近年の大学では、一般企業などと同じく、コンピュータや情報通信などのIT(情報技術)を生かした施設・設備の充実化が図られています。
今や、ほぼすべての大学にはコンピュータルームが完備され、勉学やクラブ・サークル活動などに幅広く活用されています。学生1人に1台のコンピュータというのはもはや当たり前で、全員が必携という学部・学科も珍しくありません。
パソコンやコンピュータネットワークを利用して、教室以外の場所でも時間を選ばすに学習できるeラーニングも、今や教育現場に定着しているといえるでしょう。

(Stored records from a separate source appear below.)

lemma universal_gap_spaceI:
  assumes "in_U D M d" and "finite D" and "0 \<in> D" and "r \<in> D" and "0 < r"
    and "{r<..2*r} \<inter> D = {}"
  shows "universal_gap_space M d r D"
proof unfold_locales
  show "d x y \<le> r" if "x \<in> M" "y \<in> M" "d x y \<le> 2 * r" for x y
    using in_U_dist_in_D[OF assms(1) that(1,2)] that(3) assms(6) by (auto simp: not_less[symmetric])
qed (use assms in \<open>simp_all add: in_U_def\<close>)

theorem lemma3p4:
  fixes D :: "real set" and M :: "'a set" and d :: "'a \<Rightarrow> 'a \<Rightarrow> real"
    and r :: real and n :: nat and A :: "nat \<Rightarrow> 'a set"
  assumes "finite D" and "D \<subseteq> {0..}" and "0 \<in> D"
    and "universal_dist_set D"
    and "in_U D M d"
    and "r \<in> D" and "r > 0" and "{r<..2*r} \<inter> D = {}"
    and "\<forall>i<n. A i \<in> sim_classes M d r"
    and "inj_on A {..<n}"
  shows "\<exists>a. (\<forall>i<n. a i \<in> A i) \<and> (\<forall>i<n. \<forall>j<n. d (a i) (a j) = d_min d (A i) (A j))"
proof -
  interpret universal_gap_space M d r D
    using universal_gap_spaceI assms by blast
  show ?thesis using class_family_realizer assms(9,10) .
qed

end
(* Consider the linear MTE model ($M=1$, $h_1(u)=u-\frac12$) and fixed weights $(c_\mu,c_\rho)\ne(0,0)$, $c=(c_\mu,c_\rho,-c_\mu,-c_\rho)'$. For $(\theta,F)\in\mathcal P$ let $\lambda=c'\theta$ and $$S=[\partial_pg(\lambda)]\Sigma_p[\partial_pg(\lambda)]'+[\partial_{\beta_1}g(\lambda)]\Sigma_{\beta_1}[\partial_{\beta_1}g(\lambda)]'+[\partial_{\beta_0}g(\lambda)]\Sigma_{\beta_0}[\partial_{\beta_0}g(\lambda)]'.$$ Then $\inf_{(\theta,F)\in\mathcal P}\lambda_{\min}(S)>0$ and $\sup_{(\theta,F)\in\mathcal P}\lambda_{\max}(S)<\infty$, where $\lambda_{\min},\lambda_{\max}$ denote the smallest and largest eigenvalues.
   Context: General MTE setup. Observables are $(Y,D,Z)$ with $Y\in\mathbb R$, $D\in\{0,1\}$, $Z$ discrete with support $\{z_0,\dots,z_K\}$. Fix an integer $M\ge1$ and known continuous functions $h_1,\dots,h_M$ on $(0,1)$; set $\lambda_{10}=\lambda_{00}\equiv1$ and for $m=1,\dots,M$, $p\in(0,1)$: $\lambda_{1m}(p)=\frac1p\int_0^p h_m(u)du$, $\lambda_{0m}(p)=\frac1{1-p}\int_p^1 h_m(u)du$. For $p=(p(z_0),\dots,p(z_K))'\in(0,1)^{K+1}$ let $A_d(p)$ be the $(K+1)\times(M+1)$ matrix with $(\ell,m)$ entry $\lambda_{dm}(p(z_\ell))$ ($\ell=0,\dots,K$; $m=0,\dots,M$), and $A(p)=\mathrm{diag}(A_1(p),A_0(p))\in\mathbb R^{2(K+1)\times 2(M+1)}$. Parameters: $\theta=(\theta_1',\theta_0')'$, $\theta_d=(\theta_{d0},\dots,\theta_{dM})'=(\mu_d,\rho_{d1},\dots,\rho_{dM})'$. For a distribution $F$ of $(Y,D,Z)$: $q_F(z_\ell)=P_F(Z=z_\ell)$, $p_F(z_\ell)=P_F(D=1\mid Z=z_\ell)$, $p_F=(p_F(z_0),\dots,p_F(z_K))'$, $q_F(1,z_\ell)=p_F(z_\ell)q_F(z_\ell)$, $q_F(0,z_\ell)=(1-p_F(z_\ell))q_F(z_\ell)$, $\beta_{F,d\ell}=E_F[Y\mid D=d,Z=z_\ell]$, $\beta_{F,d}=(\beta_{F,d0},\dots,\beta_{F,dK})'$, $\beta_F=(\beta_{F,1}',\beta_{F,0}')'$, $\sigma^2_{F,d\ell}=\mathrm{Var}_F(Y\mid D=d,Z=z_\ell)$, $A_F=A(p_F)$. Parameter space: fix $\delta,\zeta>0$, $\epsilon\in(0,1/2)$ and a compact $\Theta\subset\mathbb R^{2(M+1)}$ with nonempty interior. $\mathcal P$ is the set of pairs $(\theta,F)$ such that (i) $K\ge M$, $\theta\in\mathrm{int}(\Theta)$ and $A_F\theta=\beta_F$; (ii) $\sup_{d\in\{0,1\}}\sup_{\ell}E_F[|Y|^{2+\delta}\mid D=d,Z=z_\ell]\le\zeta$; (iii) $\epsilon\le p_F(z_\ell)\le 1-\epsilon$ for all $\ell$; (iv) $\epsilon\le q_F(z_\ell)\le1-\epsilon$ for all $\ell$; (v) $\sigma^2_{F,d\ell}\ge\epsilon$ for all $d,\ell$. Linear MTE moments. With $M=1$, $h_1(u)=u-\frac12$ and $c=(c_\mu,c_\rho,-c_\mu,-c_\rho)'$, for $k=1,\dots,K$ and given $(p,\beta)$ define $\Delta_\mu(z_0,z_k)=p(z_k)[\beta_{10}-\beta_{00}]-p(z_0)[\beta_{1k}-\beta_{0k}]+\beta_{1k}-\beta_{10}$, $\Delta_\rho(z_0,z_k)=2(\beta_{00}-\beta_{10}+\beta_{1k}-\beta_{0k})$ and $g_k(\lambda)=[p(z_k)-p(z_0)]\lambda-c_\mu\Delta_\mu(z_0,z_k)-c_\rho\Delta_\rho(z_0,z_k)$, viewed as a function of $(\lambda,p,\beta_1,\beta_0)$; $g(\lambda)=(g_1(\lambda),\dots,g_K(\lambda))'$. In this lemma, $\partial_xg(\lambda)$ for $x\in\{p,\beta_1,\beta_0\}$ is the $K\times(K+1)$ Jacobian of $g(\lambda)$ with respect to $x$ evaluated at $(p_F,\beta_{F,1},\beta_{F,0})$; $\Sigma_p=\mathrm{diag}\{p_F(z_\ell)(1-p_F(z_\ell))/q_F(z_\ell)\}_\ell$ and $\Sigma_{\beta_d}=\mathrm{diag}\{\sigma^2_{F,d\ell}/q_F(d,z_\ell)\}_\ell$. *)

theory Defs
  imports "HOL-Probability.Probability" "Jordan_Normal_Form.Char_Poly"
begin
lemma DS_comparator_omega_regular:
  assumes "1 < d" "sign_invariant R"
  shows "\<exists>M :: (nat, nat \<times> nat) buchi.
           wf_buchi M \<and> alphabet M = {0..\<mu>} \<times> {0..\<mu>} \<and>
           (\<forall>A B :: nat \<Rightarrow> nat. (\<forall>i. A i \<le> \<mu> \<and> B i \<le> \<mu>) \<longrightarrow>
              (buchi_accepts M (\<lambda>i. (A i, B i)) \<longleftrightarrow> R (DS A d) (DS B d)))"
proof (intro exI conjI allI impI)
  let ?M = "map_buchi int_encode (comparator d \<mu> R)"
  show "wf_buchi ?M"
    by (intro wf_map_buchi wf_comparator)
  show "alphabet ?M = {0..\<mu>} \<times> {0..\<mu>}"
    by (simp add: map_buchi_def comparator_def det_buchi_def)
  fix A B :: "nat \<Rightarrow> nat"
  assume "\<forall>i. A i \<le> \<mu> \<and> B i \<le> \<mu>"
  then show "buchi_accepts ?M (\<lambda>i. (A i, B i)) \<longleftrightarrow> R (DS A d) (DS B d)"
    using assms buchi_accepts_comparator
    by (simp add: buchi_accepts_map_buchi inj_int_encode sign_invariant_def)
qed

theorem corollary12:
  fixes d \<mu> :: nat
  assumes "d > 1" and "\<mu> > 0"
  shows "\<forall>R \<in> {(\<le>), (<), (\<ge>), (>), (=), (\<noteq>)} :: (real \<Rightarrow> real \<Rightarrow> bool) set.
           \<exists>M :: (nat, nat \<times> nat) buchi.
             wf_buchi M \<and> alphabet M = {0..\<mu>} \<times> {0..\<mu>} \<and>
             (\<forall>A B :: nat \<Rightarrow> nat. (\<forall>i. A i \<le> \<mu> \<and> B i \<le> \<mu>) \<longrightarrow>
                (buchi_accepts M (\<lambda>i. (A i, B i)) \<longleftrightarrow> R (DS A d) (DS B d)))"
  by (intro ballI DS_comparator_omega_regular[OF assms(1)]) (auto simp: sign_invariant_def sgn_if)

end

異なるキャンパス同士や国内の他大学、海外の大学とオンラインで結び、リアルタイムの遠隔授業を実施している大学も少なくありません。教員の研究活動面でも、海外の大学や研究機関とインターネットを介しての国際会議などが頻繁に行われるようになっています。
語学教育においても、最新のAV機器や同時通訳システムなどを備えたLL教室を設ける大学が増加し、学生の外国語コミュニケーション能力向上に寄与しています。

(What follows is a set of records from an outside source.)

(* Assume the setting below, with $\mathbb{E}A^\alpha=1$ for some $\alpha>1$, $\mathbb{P}[A=1]<1$, $\mathbb{E}A^{\alpha+\delta}<\infty$ for some $\delta>0$, and the law of $\log A$ nonarithmetic. Then there are constants $C,\delta'>0$ such that for all sufficiently large $x$, $$\mathbb{P}\Big(\sum_{j=1}^{n_1}\widetilde Z^j_{j,j+n_1}>x\Big)\le e^{-C(\log x)^{\delta'}}x^{-\alpha}.$$
   Context: Environment: $\omega=(\omega_n)_{n\in\mathbb{Z}}$ i.i.d. $(0,1)$-valued with law $P$; $A_n=(1-\omega_n)/\omega_n$, $A$ a generic copy; $\Lambda(s)=\log\mathbb{E}A^s$, $\rho_0=\Lambda'(\alpha)=\mathbb{E}[A^\alpha\log A]$. Branching process: given $\omega$, for each $i\in\mathbb{Z}$ the $i$-th immigrant produces $Z_{i,i}$ children with $\mathbb{P}_\omega(Z_{i,i}=l)=\omega_{i-1}(1-\omega_{i-1})^l$; $Z_{i,n}=0$ for $n<i$; for $n\ge i$, $Z_{i,n+1}=\sum_{k=1}^{Z_{i,n}}\xi^{(i)}_{n,k}$ with all offspring variables independent under $\mathbb{P}_\omega$ and $\mathbb{P}_\omega(\xi^{(i)}_{n,k}=l)=\omega_n(1-\omega_n)^l$. $\widetilde Z^i_{k,n}=\sum_{j=k}^nZ_{i,j}$. $\mathbb{P}$ annealed law. $n_0=\lfloor\log x/\rho_0\rfloor$, $m=\lfloor(\log x)^{1/2+\sigma}\rfloor$ for a fixed small $\sigma>0$, $n_1=n_0-m$. Nonarithmetic: the law of $\log A$ is not concentrated on any lattice $h\mathbb{Z}$. *)

theory Defs
  imports "HOL-Probability.Probability"
begin

text \<open>Offspring law with parameter p: P(l) = p (1-p)^l (geometric); totalised outside (0,1]
  so that it is a total function of the environment value.\<close>
definition geom :: "real \<Rightarrow> nat pmf" where
  "geom p = (if 0 < p \<and> p \<le> 1 then geometric_pmf p else return_pmf 0)"

fun geom_sum :: "real \<Rightarrow> nat \<Rightarrow> nat pmf" where
  "geom_sum p 0 = return_pmf 0"
| "geom_sum p (Suc k) = bind_pmf (geom p) (\<lambda>a. map_pmf (\<lambda>b. a + b) (geom_sum p k))"

text \<open>Quenched law (environment w) of the pair (Z_{i,i+k}, Ztilde^i_{i,i+k}) for the
  descendants of the i-th immigrant.\<close>
fun Zpath :: "(int \<Rightarrow> real) \<Rightarrow> int \<Rightarrow> nat \<Rightarrow> (nat \<times> nat) pmf" where
  "Zpath w i 0 = map_pmf (\<lambda>z. (z, z)) (geom (w (i - 1)))"
| "Zpath w i (Suc k) = bind_pmf (Zpath w i k)
     (\<lambda>(z, s). map_pmf (\<lambda>z'. (z', s + z')) (geom_sum (w (i + int k)) z))"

大学の「心臓部」といわれる図書館でも、今やコンピュータを活用して蔵書を自由に検索できるようになっていますし、CDやDVDなど図書以外のライブラリーの充実も図られています。さらに、貴重な図書や文献をデータベース化する動きも進んでいます。
このように、大学ではさまざまな施設・設備でIT化が進んでおり、校舎全体が高度な情報通信システムやデータ処理機能を完備したインテリジェント・ビルとなっている例も少なくありません。